In a Legal Insight post from 2014, ‘The
Future of Law: Disappearing Legal Library and Virtual Firms’ an infographic
showed that by 2044 45% of respondents surveyed believed that their legal
library would virtually disappear.
Ignoring the opportunities to analyse the phrase “virtually
disappear”, I’m choosing to assume that this is in reference to physical floor
space. Sure, there’s our physical collections will continue to shrink – but
even by 2044, I doubt that everything we hold in print will be available
electronically. Or at least in a functional way.
A more recent Thomson Reuters Whitepaper, Law
Libraries’ Digital Revolution, discusses the benefits of moving to
eBook collections.
Now, I’m pro eBook in theory. If only they worked the same
as a hardcopy.
Consider:
- Mental topography, or, when we read on dead trees, do we retain more? (See: The Reading Brain in the Digital Age: The Science of Paper versus Screens).
- eBooks don’t necessarily equal a saving in money (or time).

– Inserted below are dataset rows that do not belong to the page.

lemma L2norm_kernelK_le:
  assumes [measurable]: "\<And>I. a I \<in> borel_measurable M"
    and moment: "\<And>I. (\<integral>\<^sup>+\<omega>. ennreal ((a I \<omega>)\<^sup>2) \<partial>M) \<le> ennreal C" and "0 \<le> C"
    and "0 \<le> x" "0 \<le> y" "x \<noteq> y"
  shows "integrable M (\<lambda>\<omega>. (kernelK a x y \<omega>)\<^sup>2)"
    and "L2norm M (kernelK a x y) \<le> 2 * sqrt C / dyadic_dist x y"
proof -
  obtain g w where w_le: "\<And>n. \<bar>w n\<bar> \<le> (1/2) ^ n / dyadic_dist x y"
    and series: "\<And>\<omega>. kernelK a x y \<omega> = (\<Sum>\<^sub>\<infinity>n. a (g n) \<omega> * w n)"
    by (rule kernelK_eq_series[OF assms(4-6), where 'a = 'a]) blast
  have sums: "(\<lambda>n. (1/2) ^ n / dyadic_dist x y) sums (2 / dyadic_dist x y)"
    using sums_divide[OF geometric_sums[of "1/2::real"]] by simp
  have kernel: "kernelK a x y = (\<lambda>\<omega>. \<Sum>\<^sub>\<infinity>n. a (g n) \<omega> * w n)"
    using series by (rule ext)
  note L2 = L2norm_weighted_series_le[where X = "\<lambda>n. a (g n)" and w = w
      and v = "\<lambda>n. (1/2) ^ n / dyadic_dist x y", OF _ moment \<open>0 \<le> C\<close> w_le sums]
  show "integrable M (\<lambda>\<omega>. (kernelK a x y \<omega>)\<^sup>2)"
    unfolding kernel using L2(1) by simp
  show "L2norm M (kernelK a x y) \<le> 2 * sqrt C / dyadic_dist x y"
    unfolding kernel using L2(2) by simp
qed

lemma square_le_exp_sum: "(y::real)\<^sup>2 \<le> 4 * (exp y + exp (- y))"
proof -
  have "\<bar>y\<bar> / 2 \<le> exp (\<bar>y\<bar> / 2)"
    using exp_ge_add_one_self[of "\<bar>y\<bar> / 2"] by linarith
  then have "(\<bar>y\<bar> / 2)\<^sup>2 \<le> (exp (\<bar>y\<bar> / 2))\<^sup>2"
    by (intro power_mono) auto
  also have "\<dots> = exp \<bar>y\<bar>"
    by (simp flip: exp_double)
  also have "\<dots> \<le> exp y + exp (- y)"
    by (cases "0 \<le> y") auto
  finally show ?thesis by (simp add: power_divide)
qed

lemma le_exp_if_ln_le:
  assumes "ln (z::real) \<le> c"
  shows "z \<le> exp c"
proof (cases "z > 0")
  case True
  then show ?thesis using assms by (metis exp_le_cancel_iff exp_ln)
qed (use exp_gt_zero[of c] in linarith)
theorem lemma4p2:
  fixes I :: "('v::finite, 'k::field) mpoly set"
    and F :: "('v, 'k) mpoly"
  assumes "sqfree_monomial_ideal I"
    and "is_NCI I"
    and "F \<in> mingens I"
  shows "\<exists>G\<in>mingens I. G \<noteq> F \<and> (\<exists>h. \<not> h dvd 1 \<and> h dvd F \<and> h dvd G)"
proof (rule ccontr)
  assume no_common_factor: "\<not> ?thesis"
  obtain f where f: "f \<in> mingen_exps I" "F = monom f"
    using assms(3) by (auto simp: mingens_def)
  obtain E where E: "\<forall>m\<in>E. squarefree_exp m" "I = gen_ideal (monom ` E)"
    using assms(1) unfolding sqfree_monomial_ideal_def by blast
  have "f \<in> E"
    using mingen_exps_subset[OF E(2)] f(1) by blast
  then have "squarefree_exp f"
    using E(1) by blast
  moreover have "total_deg f \<ge> 2"
    using assms(2) f(1) unfolding is_NCI_def by blast
  ultimately obtain x y where xy: "x \<noteq> y" "lookup f x = 1" "lookup f y = 1"
    by (rule squarefree_two_vars)
  have disjoint: "lookup g v = 0" if "g \<in> mingen_exps I" "g \<noteq> f" "lookup f v \<noteq> 0" for g v
  proof (rule ccontr)
    assume "lookup g v \<noteq> 0"
    then have "var v dvd F" "var v dvd (monom g :: ('v, 'k) mpoly)"
      using \<open>lookup f v \<noteq> 0\<close> f(2) by (simp_all add: var_dvd_monom)
    moreover have "monom g \<in> mingens I" "monom g \<noteq> F"
      using that(1,2) f(2) by (simp_all add: mingens_def monom_eq_iff)
    ultimately show False
      using no_common_factor var_not_dvd_1[of v] by auto
  qed
  have "x \<in> supp_ideal I"
    using f(1) xy(2) unfolding supp_ideal_def by (intro UN_I[of f]) (auto simp: in_keys_iff)
  then have "is_CI (set_var_one x I)"
    using assms(2) unfolding is_NCI_def by blast
  then have "is_CI (gen_ideal (subst (sym_subst x y) `
      (\<lambda>m. monom (Poly_Mapping.update x 0 m) :: ('v, 'k) mpoly) ` mingen_exps I))"
    unfolding set_var_one_def
    by (rule is_CI_image[OF _ is_ring_hom_subst free_over_image_sym_subst[OF xy(1)]])
  also have "subst (sym_subst x y) ` (\<lambda>m. monom (Poly_Mapping.update x 0 m) :: ('v, 'k) mpoly) ` mingen_exps I
      = mingens I"
    unfolding mingens_def using xy disjoint by (intro sym_subst_image_update_monoms) auto
  finally show False
    using assms(2) gen_ideal_mingens[OF E(2)] unfolding is_NCI_def by simp
qed

end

- Speed of retrieval: catalogue-shelf-read v log in to website-borrow book-log out of website-download and install app-log into app-download book-read (streamlined to avoid the wifi won’t connect matters).
- Many publishers only sell eBooks to individuals, so the Library is left out of the bargain.
- The ability to mark up, tag, refer to in court, not electrocute yourself when you drop it in the bathtub….
- The availability of indexes – sure I can search the electronic encyclopaedia but what if I just want to browse for a topic?
- Delays in the new edition of a book becoming available in eBook, out of date materials are a big danger in any practice.
- Inter Library Loans. Libraries have fewer avenues for access to legal materials held in other collections. This of course has a great impact on the public who have restricted access to legal information already by virtue of case report series sitting behind publisher paywalls.